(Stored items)
== Segment start ==
(* Let $X$, $Y$ be disjoint sets of cardinality at least two, let $T$ be the $(|X|,|Y|)$-biregular tree, let $M \le \mathrm{Sym}(X)$ and $N \le \mathrm{Sym}(Y)$ be permutation groups, and let $c$ be a legal colouring of $X$ and $Y$. Then: (1) a subset $\Delta \subseteq X \cup Y$ is an orbit of $M$ or of $N$ if and only if $t(c^{-1}(\Delta)) = \{t(a) : a \in AT,\ c(a) \in \Delta\}$ is an orbit of $U_c(M,N)$ on $VT$; (2) for any two legal colourings $c, c'$ of $X$ and $Y$, the groups $U_c(M,N)$ and $U_{c'}(M,N)$ are conjugate in $\mathrm{Aut}(T)$; (3) if $M$ and $N$ are transitive and $H \le \mathrm{Aut}(T)$ is locally-$(M,N)$, then $H \le U_{c''}(M,N)$ for some legal colouring $c''$; (4) $U_c(M,N)$ is locally-$(M,N)$; (5) if $M$ and $N$ are closed (in the permutation topologies of $\mathrm{Sym}(X)$ and $\mathrm{Sym}(Y)$), then $U_c(M,N)$ is a closed subgroup of $\mathrm{Aut}(T)$.
   Context: Permutations act on the left. $T$ has natural bipartition $VT = V_X\sqcup V_Y$ with vertices of $V_X$ of valency $|X|$ and vertices of $V_Y$ of valency $|Y|$. An arc is an ordered pair of adjacent vertices $a=(o(a),t(a))$; $AT$ is the set of arcs, $A(v)$ the arcs with origin $v$, $\overline{A}(v)$ the arcs with terminus $v$, $B(v)$ the set of neighbours of $v$. A legal colouring of $X$ and $Y$ is a map $c: AT\to X\cup Y$ such that $c|_{A(v)}:A(v)\to X$ is a bijection for $v\in V_X$, $c|_{A(v)}:A(v)\to Y$ is a bijection for $v\in V_Y$, and $c|_{\overline{A}(v)}$ is constant for each $v\in VT$. $U_c(M,N)$ is the group of all $g\in\mathrm{Aut}(T)$ with $gV_X=V_X$ such that $c|_{A(gv)}\circ g|_{A(v)}\circ (c|_{A(v)})^{-1}\in M$ for all $v\in V_X$ and $\in N$ for all $v\in V_Y$. A subgroup $H\le \mathrm{Aut}(T)$ is locally-$(M,N)$ if $H$ fixes $V_X$ and $V_Y$ setwise and, for every vertex $v$, the permutation group induced on $B(v)$ by the stabiliser $H_v$ is permutation isomorphic to $M$ if $v\in V_X$ and to $N$ if $v\in V_Y$. The permutation topology on a group of permutations of a set $V$ is the topology of pointwise convergence, with basic neighbourhoods of the identity the pointwise stabilisers of finite subsets of $V$; $\mathrm{Aut}(T)$ carries this topology as a group of permutations of $VT$. *)

theory Defs
  imports "HOL-Analysis.Analysis" "HOL-Combinatorics.Permutations" "HOL-Library.Equipollence"
begin

text \<open>Graphs are given by an adjacency relation E on the vertex type 'v; the vertex set is UNIV.\<close>

definition is_path :: "('v \<Rightarrow> 'v \<Rightarrow> bool) \<Rightarrow> 'v list \<Rightarrow> bool" where
  "is_path E p \<longleftrightarrow> p \<noteq> [] \<and> distinct p \<and> (\<forall>i. Suc i < length p \<longrightarrow> E (p ! i) (p ! Suc i))"

definition is_tree :: "('v \<Rightarrow> 'v \<Rightarrow> bool) \<Rightarrow> bool" where
  "is_tree E \<longleftrightarrow> (\<forall>u v. \<not> E u u \<and> (E u v \<longrightarrow> E v u))
      \<and> (\<forall>u v. \<exists>!p. is_path E p \<and> hd p = u \<and> last p = v)"

definition nbrs :: "('v \<Rightarrow> 'v \<Rightarrow> bool) \<Rightarrow> 'v \<Rightarrow> 'v set" where
  "nbrs E v = {u. E v u}"

definition biregular_tree ::
  "('v \<Rightarrow> 'v \<Rightarrow> bool) \<Rightarrow> 'v set \<Rightarrow> 'v set \<Rightarrow> 'c set \<Rightarrow> 'c set \<Rightarrow> bool" where
  "biregular_tree E VX VY X Y \<longleftrightarrow> is_tree E \<and> VX \<inter> VY = {} \<and> VX \<union> VY = UNIV
     \<and> (\<forall>u v. E u v \<longrightarrow> (u \<in> VX \<longleftrightarrow> v \<in> VY))
     \<and> (\<forall>v\<in>VX. nbrs E v \<approx> X) \<and> (\<forall>v\<in>VY. nbrs E v \<approx> Y)"

definition arcs :: "('v \<Rightarrow> 'v \<Rightarrow> bool) \<Rightarrow> ('v \<times> 'v) set" where
  "arcs E = {(u, v). E u v}"

definition out_arcs :: "('v \<Rightarrow> 'v \<Rightarrow> bool) \<Rightarrow> 'v \<Rightarrow> ('v \<times> 'v) set" where
  "out_arcs E v = {a \<in> arcs E. fst a = v}"

definition in_arcs :: "('v \<Rightarrow> 'v \<Rightarrow> bool) \<Rightarrow> 'v \<Rightarrow> ('v \<times> 'v) set" where
  "in_arcs E v = {a \<in> arcs E. snd a = v}"

definition legal_colouring ::
  "('v \<Rightarrow> 'v \<Rightarrow> bool) \<Rightarrow> 'v set \<Rightarrow> 'v set \<Rightarrow> 'c set \<Rightarrow> 'c set \<Rightarrow> ('v \<times> 'v \<Rightarrow> 'c) \<Rightarrow> bool" where
  "legal_colouring E VX VY X Y c \<longleftrightarrow>
     (\<forall>v\<in>VX. bij_betw c (out_arcs E v) X) \<and> (\<forall>v\<in>VY. bij_betw c (out_arcs E v) Y)
     \<and> (\<forall>v. \<forall>a\<in>in_arcs E v. \<forall>b\<in>in_arcs E v. c a = c b)"

text \<open>Sym(\<Omega>), realised as the permutations of the ambient type fixing everything outside \<Omega>.\<close>
definition Sym :: "'a set \<Rightarrow> ('a \<Rightarrow> 'a) set" where
  "Sym \<Omega> = {p. p permutes \<Omega>}"

definition perm_group :: "'a set \<Rightarrow> ('a \<Rightarrow> 'a) set \<Rightarrow> bool" where
  "perm_group \<Omega> G \<longleftrightarrow> G \<subseteq> Sym \<Omega> \<and> id \<in> G \<and> (\<forall>p\<in>G. \<forall>q\<in>G. p \<circ> q \<in> G) \<and> (\<forall>p\<in>G. inv p \<in> G)"

definition orbit :: "('a \<Rightarrow> 'a) set \<Rightarrow> 'a \<Rightarrow> 'a set" where
  "orbit G x = (\<lambda>g. g x) ` G"

definition is_orbit :: "'a set \<Rightarrow> ('a \<Rightarrow> 'a) set \<Rightarrow> 'a set \<Rightarrow> bool" where
  "is_orbit \<Omega> G D \<longleftrightarrow> (\<exists>x\<in>\<Omega>. D = orbit G x)"

definition transitive_on :: "'a set \<Rightarrow> ('a \<Rightarrow> 'a) set \<Rightarrow> bool" where
  "transitive_on \<Omega> G \<longleftrightarrow> (\<forall>x\<in>\<Omega>. \<forall>y\<in>\<Omega>. \<exists>g\<in>G. g x = y)"

text \<open>Permutation topology (pointwise convergence) on a set S of permutations of \<Omega>:
  the basic neighbourhoods of f are the translates f \<circ> (pointwise stabiliser of a finite F),
  i.e. the sets of g agreeing with f on F.\<close>
definition perm_topology :: "'a set \<Rightarrow> ('a \<Rightarrow> 'a) set \<Rightarrow> ('a \<Rightarrow> 'a) topology" where
  "perm_topology \<Omega> S = topology (\<lambda>U. U \<subseteq> S \<and>
     (\<forall>f\<in>U. \<exists>F. finite F \<and> F \<subseteq> \<Omega> \<and> {g\<in>S. \<forall>x\<in>F. g x = f x} \<subseteq> U))"

definition Aut :: "('v \<Rightarrow> 'v \<Rightarrow> bool) \<Rightarrow> ('v \<Rightarrow> 'v) set" where
  "Aut E = {g. bij g \<and> (\<forall>u v. E u v \<longleftrightarrow> E (g u) (g v))}"

text \<open>The permutation c|A(gv) \<circ> g|A(v) \<circ> (c|A(v))^{-1} of Z (extended by the identity off Z).\<close>
definition local_action ::
  "('v \<Rightarrow> 'v \<Rightarrow> bool) \<Rightarrow> ('v \<times> 'v \<Rightarrow> 'c) \<Rightarrow> ('v \<Rightarrow> 'v) \<Rightarrow> 'v \<Rightarrow> 'c set \<Rightarrow> 'c \<Rightarrow> 'c" where
  "local_action E c g v Z = (\<lambda>x. if x \<in> Z then c (map_prod g g (the_inv_into (out_arcs E v) c x)) else x)"

definition U_c ::
  "('v \<Rightarrow> 'v \<Rightarrow> bool) \<Rightarrow> 'v set \<Rightarrow> 'v set \<Rightarrow> 'c set \<Rightarrow> 'c set \<Rightarrow> ('v \<times> 'v \<Rightarrow> 'c)
     \<Rightarrow> ('c \<Rightarrow> 'c) set \<Rightarrow> ('c \<Rightarrow> 'c) set \<Rightarrow> ('v \<Rightarrow> 'v) set" where
  "U_c E VX VY X Y c M N = {g \<in> Aut E. g ` VX = VX
      \<and> (\<forall>v\<in>VX. local_action E c g v X \<in> M) \<and> (\<forall>v\<in>VY. local_action E c g v Y \<in> N)}"

text \<open>The permutation group induced on B(v) by H_v is permutation isomorphic to K \<le> Sym(Z):
  there is a bijection \<phi> : B(v) \<rightarrow> Z transporting the induced group onto K.\<close>
definition induced_perm_iso ::
  "('v \<Rightarrow> 'v \<Rightarrow> bool) \<Rightarrow> ('v \<Rightarrow> 'v) set \<Rightarrow> 'v \<Rightarrow> 'c set \<Rightarrow> ('c \<Rightarrow> 'c) set \<Rightarrow> bool" where
  "induced_perm_iso E H v Z K \<longleftrightarrow> (\<exists>\<phi>. bij_betw \<phi> (nbrs E v) Z \<and>
      (\<lambda>h. (\<lambda>x. if x \<in> Z then \<phi> (h (the_inv_into (nbrs E v) \<phi> x)) else x)) ` {h \<in> H. h v = v} = K)"

definition locally_MN ::
  "('v \<Rightarrow> 'v \<Rightarrow> bool) \<Rightarrow> 'v set \<Rightarrow> 'v set \<Rightarrow> 'c set \<Rightarrow> 'c set
     \<Rightarrow> ('c \<Rightarrow> 'c) set \<Rightarrow> ('c \<Rightarrow> 'c) set \<Rightarrow> ('v \<Rightarrow> 'v) set \<Rightarrow> bool" where
  "locally_MN E VX VY X Y M N H \<longleftrightarrow> H \<subseteq> Aut E \<and> perm_group UNIV H
      \<and> (\<forall>g\<in>H. g ` VX = VX \<and> g ` VY = VY)
      \<and> (\<forall>v\<in>VX. induced_perm_iso E H v X M) \<and> (\<forall>v\<in>VY. induced_perm_iso E H v Y N)"

end

theory Submission
  imports Defs
begin

text \<open>
  A legal colouring is the same thing as a labelling of the vertices (the common colour of the
  arcs entering a vertex) that maps the neighbours of every vertex bijectively onto X or Y.
  Given two such labellings and a permutation of X \<union> Y preserving X and Y, an automorphism
  intertwining them is built outward from a root along the unique paths of the tree. Applied
  to elements of M and N this yields elements of U_c(M,N) with prescribed local actions, which
  gives the orbits (1) and the local structure (4); applied to the identity it conjugates
  U_c(M,N) into U_c'(M,N) (2). For (3), orbit representatives of H together with the local
  isomorphisms give identifications of all neighbourhoods with X or Y that are H-equivariant
  up to elements of M and N; transitivity of M and N then lets one glue them, again outward
  from a root, into a labelling whose colouring c'' has H \<le> U_c''(M,N). Closedness (5) holds
  because violating the local condition at a vertex is witnessed on finitely many neighbours.
\<close>

lemma is_path_nonempty: "is_path E p \<Longrightarrow> p \<noteq> []"
  unfolding is_path_def by auto

lemma is_path_singleton: "is_path E [v]"
  unfolding is_path_def by auto

lemma is_path_pair: "E u v \<Longrightarrow> u \<noteq> v \<Longrightarrow> is_path E [u, v]"
  unfolding is_path_def by (auto simp: less_Suc_eq nth_Cons split: nat.splits)

lemma is_path_snoc:
  assumes "is_path E p" "E (last p) w" "w \<notin> set p"
  shows "is_path E (p @ [w])"
  unfolding is_path_def
proof (intro conjI allI impI)
  show "p @ [w] \<noteq> []" by simp
  show "distinct (p @ [w])" using assms unfolding is_path_def by auto
  fix i assume i: "Suc i < length (p @ [w])"
  show "E ((p @ [w]) ! i) ((p @ [w]) ! Suc i)"
  proof (cases "Suc i < length p")
    case True
    then show ?thesis using assms(1) unfolding is_path_def by (auto simp: nth_append)
  next
    case False
    then have "i = length p - 1" "Suc i = length p" using i by simp_all
    then show ?thesis
      using assms(2) is_path_nonempty[OF assms(1)] by (auto simp: nth_append last_conv_nth)
  qed
qed

lemma is_path_butlast:
  assumes "is_path E p" "2 \<le> length p"
  shows "is_path E (butlast p)" "E (last (butlast p)) (last p)"
proof -
  have ne: "butlast p \<noteq> []" using assms(2) by (cases p) auto
  then show "is_path E (butlast p)" using assms unfolding is_path_def
    by (auto simp: nth_butlast distinct_butlast)
  have "E (p ! (length p - 2)) (p ! Suc (length p - 2))"
    using assms unfolding is_path_def by simp
  moreover have "Suc (length p - 2) = length p - 1" using assms by simp
  moreover have "last (butlast p) = p ! (length p - 2)"
    using ne assms(2) by (simp add: last_conv_nth nth_butlast numeral_2_eq_2)
  ultimately show "E (last (butlast p)) (last p)"
    using is_path_nonempty[OF assms(1)] by (simp add: last_conv_nth)
qed

lemma is_path_drop: "is_path E p \<Longrightarrow> k < length p \<Longrightarrow> is_path E (drop k p)"
  unfolding is_path_def by auto

lemma AutD: "g \<in> Aut E \<Longrightarrow> bij g" "g \<in> Aut E \<Longrightarrow> E u v \<longleftrightarrow> E (g u) (g v)"
  unfolding Aut_def by auto

lemma Aut_id: "id \<in> Aut E"
  unfolding Aut_def by auto

lemma Aut_comp: "g \<in> Aut E \<Longrightarrow> h \<in> Aut E \<Longrightarrow> g \<circ> h \<in> Aut E"
  unfolding Aut_def by (auto intro: bij_comp)

lemma Aut_inv:
  assumes "g \<in> Aut E"
  shows "inv g \<in> Aut E"
proof -
  have b: "bij g" using AutD(1)[OF assms] .
  have "E u v \<longleftrightarrow> E (inv g u) (inv g v)" for u v
    using AutD(2)[OF assms, of "inv g u" "inv g v"] b by (simp add: bij_is_surj surj_f_inv_f)
  then show ?thesis using b unfolding Aut_def by (auto simp: bij_imp_bij_inv)
qed

lemma Aut_nbrs:
  assumes "g \<in> Aut E"
  shows "bij_betw g (nbrs E w) (nbrs E (g w))"
proof -
  have b: "bij g" using AutD(1)[OF assms] .
  have "nbrs E (g w) \<subseteq> g ` nbrs E w"
  proof
    fix u assume "u \<in> nbrs E (g w)"
    moreover have "g (inv g u) = u" using b by (simp add: bij_is_surj surj_f_inv_f)
    ultimately have "E (g w) (g (inv g u))" unfolding nbrs_def by simp
    then have "inv g u \<in> nbrs E w" using AutD(2)[OF assms] unfolding nbrs_def by simp
    then show "u \<in> g ` nbrs E w" using \<open>g (inv g u) = u\<close> by force
  qed
  moreover have "g ` nbrs E w \<subseteq> nbrs E (g w)" using AutD(2)[OF assms] unfolding nbrs_def by auto
  ultimately show ?thesis using b bij_is_inj inj_on_subset unfolding bij_betw_def by blast
qed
== Segment end ==
PROBLEM TO WORK ON - Each line of the records that contains the string "UNIV" must be copied.

ANSWER BELOW -
text \<open>Graphs are given by an adjacency relation E on the vertex type 'v; the vertex set is UNIV.\<close>
  "biregular_tree E VX VY X Y \<longleftrightarrow> is_tree E \<and> VX \<inter> VY = {} \<and> VX \<union> VY = UNIV
  "locally_MN E VX VY X Y M N H \<longleftrightarrow> H \<subseteq> Aut E \<and> perm_group UNIV H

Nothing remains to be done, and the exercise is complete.